Compare toNASA and Fermilab.
Martin Schmaltz writes
another introduction.
Steven Hawking bets
that people won’t find the Higgs boson, and that would make
physics even more interesting.
I get all gushy about big
science, if only because it is completely beyond my
comprehension. As I look through Wikipedia, it’s clear to me how
often theoretical possibilities inspire
great science fiction.
(See also this).
By the way, currently, LHC is down for repairs; expected to come
online again in July 2009. Wikipedia says it might take up to 3
years to gather enough data to prove or disprove the existence
of the Higgs boson.
Joel Aschenbach defends
basic science projects like LHC:
Some U.S. money has gone into the LHC, which will cost
billions of dollars: five, maybe ten—the exact number is
elusive (the science will be precise, but the accounting
apparently follows the Uncertainty Principle). But most of
the engineering is being done by European firms. Jürgen
Schukraft, who supervises an LHC experiment named ALICE
(which will re-create conditions the same as those just
after the big bang), said, "The brain drain that used to go
from Europe to the States definitely has reversed."

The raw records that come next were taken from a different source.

lemma matrix_mul_mat_commute: "(A::'a::comm_ring_1^'n^'n) ** mat c = mat c ** A"
  unfolding matrix_matrix_mult_def mat_def
  by (auto simp: vec_eq_iff if_distrib if_distribR sum.delta sum.delta' mult.commute cong: if_cong)

lemma matrix_diff_ldistrib: "(A::'a::comm_ring_1^'n^'m) ** (B - C) = A ** B - A ** C"
  by (simp add: matrix_matrix_mult_def vec_eq_iff sum_subtractf algebra_simps)

lemma matrix_diff_rdistrib: "((B::'a::comm_ring_1^'n^'m) - C) ** A = B ** A - C ** A"
  by (simp add: matrix_matrix_mult_def vec_eq_iff sum_subtractf algebra_simps)

lemma char_poly_cart_eq_det: "char_poly_cart M = det (mat [:0, 1:] - const_poly_mat M)"
  unfolding char_poly_cart_def
  by (rule arg_cong[where f = det]) (simp add: mat_def const_poly_mat_def vec_eq_iff)

lemma char_poly_cart_similar:
  fixes H Q U :: "complex^'n^'n"
  assumes QU: "Q ** U = mat 1"
  shows "char_poly_cart (Q ** H ** U) = char_poly_cart H"
proof -
  let ?X = "mat [:0, 1:] :: complex poly^'n^'n"
  let ?Q = "const_poly_mat Q" and ?U = "const_poly_mat U"
  have QU': "?Q ** ?U = mat 1" using QU by (metis const_poly_mat_one const_poly_mat_mult)
  have "?Q ** (?X - const_poly_mat H) ** ?U = ?Q ** ?X ** ?U - ?Q ** const_poly_mat H ** ?U"
    by (simp add: matrix_diff_ldistrib matrix_diff_rdistrib)
  also have "?Q ** ?X ** ?U = ?X"
    by (metis QU' matrix_mul_assoc matrix_mul_mat_commute matrix_mul_rid)
  also have "?Q ** const_poly_mat H ** ?U = const_poly_mat (Q ** H ** U)"
    by (simp add: const_poly_mat_mult)
  finally have "det ?Q * det (?X - const_poly_mat H) * det ?U = det (?X - const_poly_mat (Q ** H ** U))"
    by (metis det_mul)
  moreover have "det ?Q * det ?U = 1" using QU' by (metis det_I det_mul)
  then have "det (?X - const_poly_mat H) = det ?Q * det ?U * det (?X - const_poly_mat H)"
    by simp
  ultimately show ?thesis
    unfolding char_poly_cart_eq_det by (simp add: mult_ac)
qed

lemma char_poly_cart_diagonal:
  assumes "\<And>i j. i \<noteq> j \<Longrightarrow> D$i$j = 0"
  shows "char_poly_cart D = (\<Prod>i\<in>UNIV. [:- D$i$i, 1:])"
  unfolding char_poly_cart_def using assms by (subst det_diagonal) auto

lemma proots_prod_linear:
  "proots (\<Prod>i\<in>(UNIV::'n::finite set). [:- c i, 1:]) = image_mset c (mset_set UNIV)"
  by (subst proots_prod) (auto simp: sum_unfold_sum_mset)

definition matrix_of_columns :: "('n \<Rightarrow> 'a^'m) \<Rightarrow> 'a^'n^'m" where
  "matrix_of_columns v = (\<chi> r c. v c $ r)"

lemma orthonormal_system_unitary:
  fixes v :: "'n \<Rightarrow> complex^'n"
  assumes "orthonormal_system v"
  shows "hconj (matrix_of_columns v) ** matrix_of_columns v = mat 1"
    and "matrix_of_columns v ** hconj (matrix_of_columns v) = mat 1"
proof -
  show "hconj (matrix_of_columns v) ** matrix_of_columns v = mat 1"
    using assms by (simp add: orthonormal_system_def matrix_of_columns_def hconj_def
        matrix_matrix_mult_def mat_def vec_eq_iff cinner_def)
  then show "matrix_of_columns v ** hconj (matrix_of_columns v) = mat 1"
    using matrix_left_right_inverse by blast
qed

lemma orthonormal_system_expansion:
  fixes v :: "'n \<Rightarrow> complex^'n"
  assumes "orthonormal_system v"
  shows "x = (\<Sum>c\<in>UNIV. cinner (v c) x *s v c)"
proof -
  have "x = (matrix_of_columns v ** hconj (matrix_of_columns v)) *v x"
    using orthonormal_system_unitary(2)[OF assms] by simp
  also have "\<dots> = (\<Sum>c\<in>UNIV. cinner (v c) x *s v c)"
    by (simp add: matrix_of_columns_def hconj_def matrix_matrix_mult_def matrix_vector_mult_def
        vec_eq_iff cinner_def sum_distrib_left sum_distrib_right sum_component mult_ac;
        intro allI; rule sum.swap)
  finally show ?thesis .
qed

lemma matrix_of_columns_eigenvectors:
  fixes H :: "complex^'n^'n" and v :: "'n \<Rightarrow> complex^'n" and ev :: "'n \<Rightarrow> real"
  assumes eig: "\<And>i. H *v v i = ev i *\<^sub>R v i"
  shows "H ** matrix_of_columns v
    = matrix_of_columns v ** (\<chi> i j. if i = j then of_real (ev i) else 0)"
proof -
  have "(H ** matrix_of_columns v)$r$c = (H *v v c)$r" for r c
    by (simp add: matrix_of_columns_def matrix_matrix_mult_def matrix_vector_mult_def)
  moreover have "(matrix_of_columns v ** (\<chi> i j. if i = j then of_real (ev i) else 0))$r$c
      = of_real (ev c) * v c $ r" for r c
    by (simp add: matrix_of_columns_def matrix_matrix_mult_def if_distrib if_distribR
        sum.delta' mult.commute cong: if_cong)
  moreover have "(ev c *\<^sub>R v c)$r = of_real (ev c) * v c $ r" for r c
    by (subst vector_scaleR_component) (simp add: scaleR_conv_of_real)
  ultimately show ?thesis by (simp add: vec_eq_iff eig)
qed

lemma singular_value_basis:
  fixes C :: "complex^'n^'n"
  obtains v :: "'n \<Rightarrow> complex^'n"
  where "orthonormal_system v" "\<And>i j. i \<noteq> j \<Longrightarrow> cinner (C *v v i) (C *v v j) = 0"
    "singular_values C = image_mset (\<lambda>i. norm (C *v v i)) (mset_set UNIV)"
proof -
  define H where "H = hconj C ** C"
  obtain v :: "'n \<Rightarrow> complex^'n" and ev where
    on: "orthonormal_system v" and eig: "\<And>i. H *v v i = ev i *\<^sub>R v i"
    using hermitian_eigenbasis[OF hermitian_gram[of C]] unfolding H_def by blast
  have gram: "cinner (C *v v i) (C *v v j) = (if i = j then of_real (ev i) else 0)" for i j
  proof -
    have "cinner (C *v v i) (C *v v j) = cinner (v i) (H *v v j)"
      by (simp only: H_def cinner_hconj matrix_vector_mul_assoc)
    also have "\<dots> = of_real (ev j) * cinner (v i) (v j)"
      by (simp only: eig cinner_scaleR_right)
    finally show ?thesis using on by (simp add: orthonormal_system_def)
  qed
  have norm_sq: "(norm (C *v v i))\<^sup>2 = ev i" for i
    using gram[of i i] unfolding cinner_self by (simp only: if_P of_real_eq_iff refl)
  have orth: "cinner (C *v v i) (C *v v j) = 0" if "i \<noteq> j" for i j
    using gram that by simp
  define U where "U = matrix_of_columns v"
  define D :: "complex^'n^'n" where "D = (\<chi> i j. if i = j then of_real (ev i) else 0)"
  have "H ** U = U ** D"
    unfolding U_def D_def by (rule matrix_of_columns_eigenvectors[OF eig])
  then have "hconj U ** H ** U = D"
    using orthonormal_system_unitary(1)[OF on]
    by (metis U_def matrix_mul_assoc matrix_mul_lid)
  then have "char_poly_cart H = (\<Prod>i\<in>UNIV. [:- D$i$i, 1:])"
    using char_poly_cart_similar[OF orthonormal_system_unitary(1)[OF on], of H]
      char_poly_cart_diagonal[of D] by (simp add: U_def D_def)
  then have "proots (char_poly_cart H) = image_mset (\<lambda>i. of_real (ev i)) (mset_set UNIV)"
    using proots_prod_linear[of "\<lambda>i. D$i$i"] by (simp add: D_def)
  then have "singular_values C = image_mset (\<lambda>i. norm (C *v v i)) (mset_set UNIV)"
    by (simp add: singular_values_def H_def[symmetric] multiset.map_comp o_def flip: norm_sq)
  then show ?thesis using that on orth by blast
qed

section \<open>Ky Fan's maximum principle\<close>

lemma sum_largest_values:
  fixes \<sigma> :: "'n::finite \<Rightarrow> real"
  assumes k: "1 \<le> k" "k \<le> CARD('n)"
  obtains T t where "card T = k"
    "sum_list (take k (rev (sorted_list_of_multiset (image_mset \<sigma> (mset_set UNIV))))) = sum \<sigma> T"
    "\<And>i. i \<in> T \<Longrightarrow> t \<le> \<sigma> i" "\<And>i. i \<notin> T \<Longrightarrow> \<sigma> i \<le> t" "t \<in> \<sigma> ` T"
proof -
  obtain xs :: "'n list" where xs: "distinct xs" "set xs = UNIV"
    using finite_distinct_list[of "UNIV::'n set"] by auto
  define ys where "ys = sort_key (\<lambda>i. - \<sigma> i) xs"
  have ys: "distinct ys" "set ys = UNIV" "length ys = CARD('n)"
    using xs by (auto simp: ys_def distinct_card[symmetric])
  have "sorted (map (\<lambda>i. - \<sigma> i) ys)" by (simp add: ys_def)
  then have desc: "sorted_wrt (\<lambda>a b. \<sigma> b \<le> \<sigma> a) ys"
    by (simp add: sorted_map)
  then have "sorted (rev (map \<sigma> ys))"
    by (simp add: sorted_wrt_rev sorted_wrt_map)
  moreover have "image_mset \<sigma> (mset_set UNIV) = mset (rev (map \<sigma> ys))"
    using ys by (metis mset_map mset_rev mset_set_set)
  ultimately have sl: "sorted_list_of_multiset (image_mset \<sigma> (mset_set UNIV)) = rev (map \<sigma> ys)"
    by (metis sorted_list_of_multiset_mset sorted_sort_id)
  define T where "T = set (take k ys)"
  define t where "t = \<sigma> (ys ! (k - 1))"
  have cardT: "card T = k" unfolding T_def using ys k by (simp add: distinct_card)
  have sumT: "sum_list (take k (map \<sigma> ys)) = sum \<sigma> T"
    unfolding T_def using ys(1) by (simp add: take_map sum_list_distinct_conv_sum_set)
  have top: "t \<le> \<sigma> i" if iT: "i \<in> T" for i
  proof -
    obtain a where "a < k" "a < length ys" "i = ys ! a"
      using iT by (auto simp: T_def in_set_conv_nth)
    then show ?thesis
      using sorted_wrt_nth_less[OF desc, of a "k - 1"] k ys(3)
      by (cases "a = k - 1") (auto simp: t_def)
  qed
  have rest: "\<sigma> i \<le> t" if iT: "i \<notin> T" for i
  proof -
    obtain b where b: "b < length ys" "i = ys ! b"
      using ys(2) by (metis UNIV_I in_set_conv_nth)
    have "k \<le> b"
    proof (rule ccontr)
      assume "\<not> k \<le> b"
      then have "i \<in> T" using b by (auto simp: T_def in_set_conv_nth intro!: exI[of _ b])
      then show False using iT by simp
    qed
    then have "k - 1 < b" using k by simp
    then show ?thesis using sorted_wrt_nth_less[OF desc, of "k - 1" b] b by (simp add: t_def)
  qed
  have tT: "t \<in> \<sigma> ` T"
    unfolding t_def T_def
    by (rule imageI) (use k ys(3) in \<open>auto simp: in_set_conv_nth intro!: exI[of _ "k - 1"]\<close>)
  show ?thesis
    by (rule that[OF cardT _ top rest tT]) (simp add: sl sumT)
qed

The cynic might say that there’s no practical use for any of
this, that there might be other uses for all the money and
brainpower going into these particle guns. But we live in a
civilization shaped by physics. We know that the forces
within an atom are so powerful that, unleashed and directed
against humanity, they can obliterate cities in an instant.
The laptop computer on which I’m writing uses
microprocessors that would not exist had we not discovered
quantum physics and the quirky behavior of electrons. This
story will be posted on the World Wide Web—invented, in case
you hadn’t heard, at CERN, by computer scientist Tim
Berners-Lee. Maybe you’re reading it while listening to your
iPod, which wouldn’t exist but for something called "giant
magnetoresistance." Two physicists discovered it
independently in the late 1980s, with not much thought of
how it might eventually be used. It became crucial to making
tiny consumer electronics that used magnetized hard disks.
The physicists won a Nobel Prize in 2007, and you got a
nifty sound system that’s smaller than a Hershey bar.